Extracted records:

= Beginning of Section =

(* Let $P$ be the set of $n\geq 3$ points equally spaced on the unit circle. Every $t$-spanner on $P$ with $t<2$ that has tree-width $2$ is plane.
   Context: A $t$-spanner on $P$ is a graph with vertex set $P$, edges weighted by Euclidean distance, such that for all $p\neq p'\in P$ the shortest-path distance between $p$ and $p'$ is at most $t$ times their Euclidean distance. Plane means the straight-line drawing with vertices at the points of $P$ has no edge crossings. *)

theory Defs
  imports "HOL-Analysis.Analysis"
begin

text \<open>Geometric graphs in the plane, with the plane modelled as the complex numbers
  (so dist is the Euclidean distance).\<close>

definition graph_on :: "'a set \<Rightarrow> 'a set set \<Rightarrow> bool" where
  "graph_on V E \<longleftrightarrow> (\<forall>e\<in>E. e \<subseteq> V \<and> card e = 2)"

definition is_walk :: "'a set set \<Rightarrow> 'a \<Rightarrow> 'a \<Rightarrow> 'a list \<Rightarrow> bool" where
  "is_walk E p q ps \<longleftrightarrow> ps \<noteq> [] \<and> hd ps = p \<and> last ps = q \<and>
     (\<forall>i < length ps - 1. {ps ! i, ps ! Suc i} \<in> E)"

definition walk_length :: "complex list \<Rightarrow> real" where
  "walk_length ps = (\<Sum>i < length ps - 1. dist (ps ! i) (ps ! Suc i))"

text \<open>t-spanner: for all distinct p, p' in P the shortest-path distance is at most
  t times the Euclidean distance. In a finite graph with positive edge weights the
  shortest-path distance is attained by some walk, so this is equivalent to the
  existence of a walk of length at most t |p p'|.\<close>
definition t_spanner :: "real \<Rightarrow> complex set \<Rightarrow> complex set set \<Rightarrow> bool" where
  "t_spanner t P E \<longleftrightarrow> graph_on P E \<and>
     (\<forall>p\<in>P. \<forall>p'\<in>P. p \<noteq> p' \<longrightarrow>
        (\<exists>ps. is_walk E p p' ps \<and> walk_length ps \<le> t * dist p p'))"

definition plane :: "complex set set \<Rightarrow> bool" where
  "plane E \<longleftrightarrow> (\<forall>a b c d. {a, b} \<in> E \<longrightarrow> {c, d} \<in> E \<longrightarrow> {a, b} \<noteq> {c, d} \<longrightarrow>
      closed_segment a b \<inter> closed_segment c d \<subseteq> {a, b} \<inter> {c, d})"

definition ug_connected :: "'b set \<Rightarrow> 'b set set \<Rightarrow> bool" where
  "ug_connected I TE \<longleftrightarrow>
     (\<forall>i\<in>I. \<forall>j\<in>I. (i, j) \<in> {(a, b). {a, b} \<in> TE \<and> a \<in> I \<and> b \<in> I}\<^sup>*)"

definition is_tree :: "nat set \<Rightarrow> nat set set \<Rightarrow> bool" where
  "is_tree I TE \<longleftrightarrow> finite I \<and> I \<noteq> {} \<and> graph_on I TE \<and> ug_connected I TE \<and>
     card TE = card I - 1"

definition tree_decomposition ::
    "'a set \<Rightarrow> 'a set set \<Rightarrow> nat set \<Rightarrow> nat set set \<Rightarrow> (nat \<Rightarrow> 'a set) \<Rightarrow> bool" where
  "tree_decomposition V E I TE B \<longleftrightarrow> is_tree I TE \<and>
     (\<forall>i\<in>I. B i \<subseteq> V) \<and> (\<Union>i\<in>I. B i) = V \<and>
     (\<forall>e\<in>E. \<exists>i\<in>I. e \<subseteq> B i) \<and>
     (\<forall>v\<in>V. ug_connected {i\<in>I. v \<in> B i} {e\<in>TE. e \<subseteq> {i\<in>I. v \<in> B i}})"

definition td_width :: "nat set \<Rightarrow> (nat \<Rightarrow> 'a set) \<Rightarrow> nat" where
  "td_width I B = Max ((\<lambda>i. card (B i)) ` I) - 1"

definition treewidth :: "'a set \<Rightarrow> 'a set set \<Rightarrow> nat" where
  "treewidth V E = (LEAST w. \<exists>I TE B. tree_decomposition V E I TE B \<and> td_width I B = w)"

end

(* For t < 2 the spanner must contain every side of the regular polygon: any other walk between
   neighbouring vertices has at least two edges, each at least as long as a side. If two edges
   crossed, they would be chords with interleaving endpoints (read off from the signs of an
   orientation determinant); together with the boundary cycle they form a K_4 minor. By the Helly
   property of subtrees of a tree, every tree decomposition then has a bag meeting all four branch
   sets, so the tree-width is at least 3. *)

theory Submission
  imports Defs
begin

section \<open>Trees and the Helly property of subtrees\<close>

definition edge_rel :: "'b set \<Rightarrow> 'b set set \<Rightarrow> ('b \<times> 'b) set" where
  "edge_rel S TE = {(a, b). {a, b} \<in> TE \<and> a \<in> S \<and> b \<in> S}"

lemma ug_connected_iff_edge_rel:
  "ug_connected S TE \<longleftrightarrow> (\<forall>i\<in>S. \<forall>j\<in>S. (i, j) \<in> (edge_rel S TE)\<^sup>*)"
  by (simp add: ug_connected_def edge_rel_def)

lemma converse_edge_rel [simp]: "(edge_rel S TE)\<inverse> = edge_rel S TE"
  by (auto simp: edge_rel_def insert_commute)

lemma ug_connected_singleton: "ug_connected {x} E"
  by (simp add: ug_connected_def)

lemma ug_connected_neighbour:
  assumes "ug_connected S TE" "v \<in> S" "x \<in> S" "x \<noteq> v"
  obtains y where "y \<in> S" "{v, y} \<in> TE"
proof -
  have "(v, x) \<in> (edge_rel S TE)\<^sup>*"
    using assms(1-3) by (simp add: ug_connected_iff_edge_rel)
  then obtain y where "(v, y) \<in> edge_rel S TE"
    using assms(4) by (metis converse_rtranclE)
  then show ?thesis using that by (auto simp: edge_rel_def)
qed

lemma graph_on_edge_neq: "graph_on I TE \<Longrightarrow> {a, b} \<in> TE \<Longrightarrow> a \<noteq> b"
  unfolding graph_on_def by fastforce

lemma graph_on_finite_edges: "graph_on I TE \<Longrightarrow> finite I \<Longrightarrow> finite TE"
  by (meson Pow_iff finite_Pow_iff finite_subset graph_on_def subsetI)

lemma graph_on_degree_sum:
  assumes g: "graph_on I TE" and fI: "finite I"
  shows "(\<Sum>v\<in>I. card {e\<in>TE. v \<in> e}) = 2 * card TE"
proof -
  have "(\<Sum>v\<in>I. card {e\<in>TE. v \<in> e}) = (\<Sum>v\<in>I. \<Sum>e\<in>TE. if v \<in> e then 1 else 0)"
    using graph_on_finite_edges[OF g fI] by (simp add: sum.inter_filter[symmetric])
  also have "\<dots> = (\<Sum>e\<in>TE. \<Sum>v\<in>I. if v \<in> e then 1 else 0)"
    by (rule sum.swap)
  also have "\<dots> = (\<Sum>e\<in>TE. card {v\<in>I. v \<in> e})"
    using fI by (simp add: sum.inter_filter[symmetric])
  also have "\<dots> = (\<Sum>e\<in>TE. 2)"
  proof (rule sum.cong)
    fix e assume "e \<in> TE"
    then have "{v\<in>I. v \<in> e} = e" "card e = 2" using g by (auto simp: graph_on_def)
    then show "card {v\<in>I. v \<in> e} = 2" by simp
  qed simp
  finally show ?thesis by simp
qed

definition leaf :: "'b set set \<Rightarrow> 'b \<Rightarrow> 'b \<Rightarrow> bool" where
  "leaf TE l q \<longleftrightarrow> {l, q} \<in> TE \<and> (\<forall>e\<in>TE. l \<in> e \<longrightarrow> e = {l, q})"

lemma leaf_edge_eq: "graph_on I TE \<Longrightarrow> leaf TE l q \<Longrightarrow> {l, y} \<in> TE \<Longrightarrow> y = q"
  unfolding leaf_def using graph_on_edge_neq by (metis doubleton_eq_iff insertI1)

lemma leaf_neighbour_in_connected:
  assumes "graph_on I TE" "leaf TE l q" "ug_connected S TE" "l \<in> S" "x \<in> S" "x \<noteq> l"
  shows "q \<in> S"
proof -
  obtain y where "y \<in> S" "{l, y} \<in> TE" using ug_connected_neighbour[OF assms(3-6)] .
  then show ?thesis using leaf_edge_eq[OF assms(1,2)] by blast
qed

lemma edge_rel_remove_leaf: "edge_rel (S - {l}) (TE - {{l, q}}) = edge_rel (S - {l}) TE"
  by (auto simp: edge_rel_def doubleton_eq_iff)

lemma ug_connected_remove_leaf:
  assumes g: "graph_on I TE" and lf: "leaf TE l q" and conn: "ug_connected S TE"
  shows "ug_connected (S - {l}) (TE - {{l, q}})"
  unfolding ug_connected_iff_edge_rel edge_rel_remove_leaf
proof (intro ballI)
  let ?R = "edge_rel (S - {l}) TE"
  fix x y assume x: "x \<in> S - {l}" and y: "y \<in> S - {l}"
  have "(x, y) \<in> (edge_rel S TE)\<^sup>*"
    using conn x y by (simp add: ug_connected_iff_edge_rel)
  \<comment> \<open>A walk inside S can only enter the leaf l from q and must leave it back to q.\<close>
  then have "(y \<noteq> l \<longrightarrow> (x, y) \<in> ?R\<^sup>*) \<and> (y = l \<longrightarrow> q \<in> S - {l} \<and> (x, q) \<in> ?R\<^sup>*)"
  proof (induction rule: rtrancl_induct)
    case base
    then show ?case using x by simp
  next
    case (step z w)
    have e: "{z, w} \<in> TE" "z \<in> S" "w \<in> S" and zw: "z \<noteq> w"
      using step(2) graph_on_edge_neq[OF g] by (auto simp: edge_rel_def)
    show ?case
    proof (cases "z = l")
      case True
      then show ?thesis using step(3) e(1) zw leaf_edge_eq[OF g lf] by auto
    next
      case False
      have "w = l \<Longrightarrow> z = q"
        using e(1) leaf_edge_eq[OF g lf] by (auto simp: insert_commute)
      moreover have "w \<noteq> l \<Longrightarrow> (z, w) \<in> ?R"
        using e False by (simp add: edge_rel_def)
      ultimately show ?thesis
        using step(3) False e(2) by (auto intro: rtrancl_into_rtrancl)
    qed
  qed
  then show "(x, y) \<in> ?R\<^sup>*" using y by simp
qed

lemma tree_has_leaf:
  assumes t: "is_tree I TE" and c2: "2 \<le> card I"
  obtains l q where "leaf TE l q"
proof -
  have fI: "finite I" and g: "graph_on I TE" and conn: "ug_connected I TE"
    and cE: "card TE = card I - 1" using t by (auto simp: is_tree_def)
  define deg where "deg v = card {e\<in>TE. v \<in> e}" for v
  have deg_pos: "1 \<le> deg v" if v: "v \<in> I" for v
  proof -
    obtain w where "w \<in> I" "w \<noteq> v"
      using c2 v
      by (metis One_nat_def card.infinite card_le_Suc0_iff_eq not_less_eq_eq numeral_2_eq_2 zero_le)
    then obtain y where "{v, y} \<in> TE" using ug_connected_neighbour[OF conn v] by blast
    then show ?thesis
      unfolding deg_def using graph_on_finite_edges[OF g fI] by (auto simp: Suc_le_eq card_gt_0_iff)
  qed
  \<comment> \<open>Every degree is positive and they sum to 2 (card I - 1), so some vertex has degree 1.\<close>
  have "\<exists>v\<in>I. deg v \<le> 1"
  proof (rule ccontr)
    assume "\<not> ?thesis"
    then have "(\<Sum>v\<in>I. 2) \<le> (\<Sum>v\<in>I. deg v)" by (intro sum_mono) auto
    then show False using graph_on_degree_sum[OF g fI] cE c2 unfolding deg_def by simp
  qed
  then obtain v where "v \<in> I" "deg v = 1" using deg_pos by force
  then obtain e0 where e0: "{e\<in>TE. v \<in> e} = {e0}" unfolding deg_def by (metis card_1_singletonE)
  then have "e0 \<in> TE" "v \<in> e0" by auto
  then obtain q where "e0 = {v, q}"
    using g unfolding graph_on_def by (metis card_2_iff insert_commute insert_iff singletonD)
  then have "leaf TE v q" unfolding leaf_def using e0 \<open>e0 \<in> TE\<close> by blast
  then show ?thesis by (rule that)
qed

= End of Section =

Required action: Of all the entries above, repeat only the lines from the line that has "using step(3) False" to the line that has "define deg where", both lines included, exactly.

Expected answer:
        using step(3) False e(2) by (auto intro: rtrancl_into_rtrancl)
    qed
  qed
  then show "(x, y) \<in> ?R\<^sup>*" using y by simp
qed

lemma tree_has_leaf:
  assumes t: "is_tree I TE" and c2: "2 \<le> card I"
  obtains l q where "leaf TE l q"
proof -
  have fI: "finite I" and g: "graph_on I TE" and conn: "ug_connected I TE"
    and cE: "card TE = card I - 1" using t by (auto simp: is_tree_def)
  define deg where "deg v = card {e\<in>TE. v \<in> e}" for v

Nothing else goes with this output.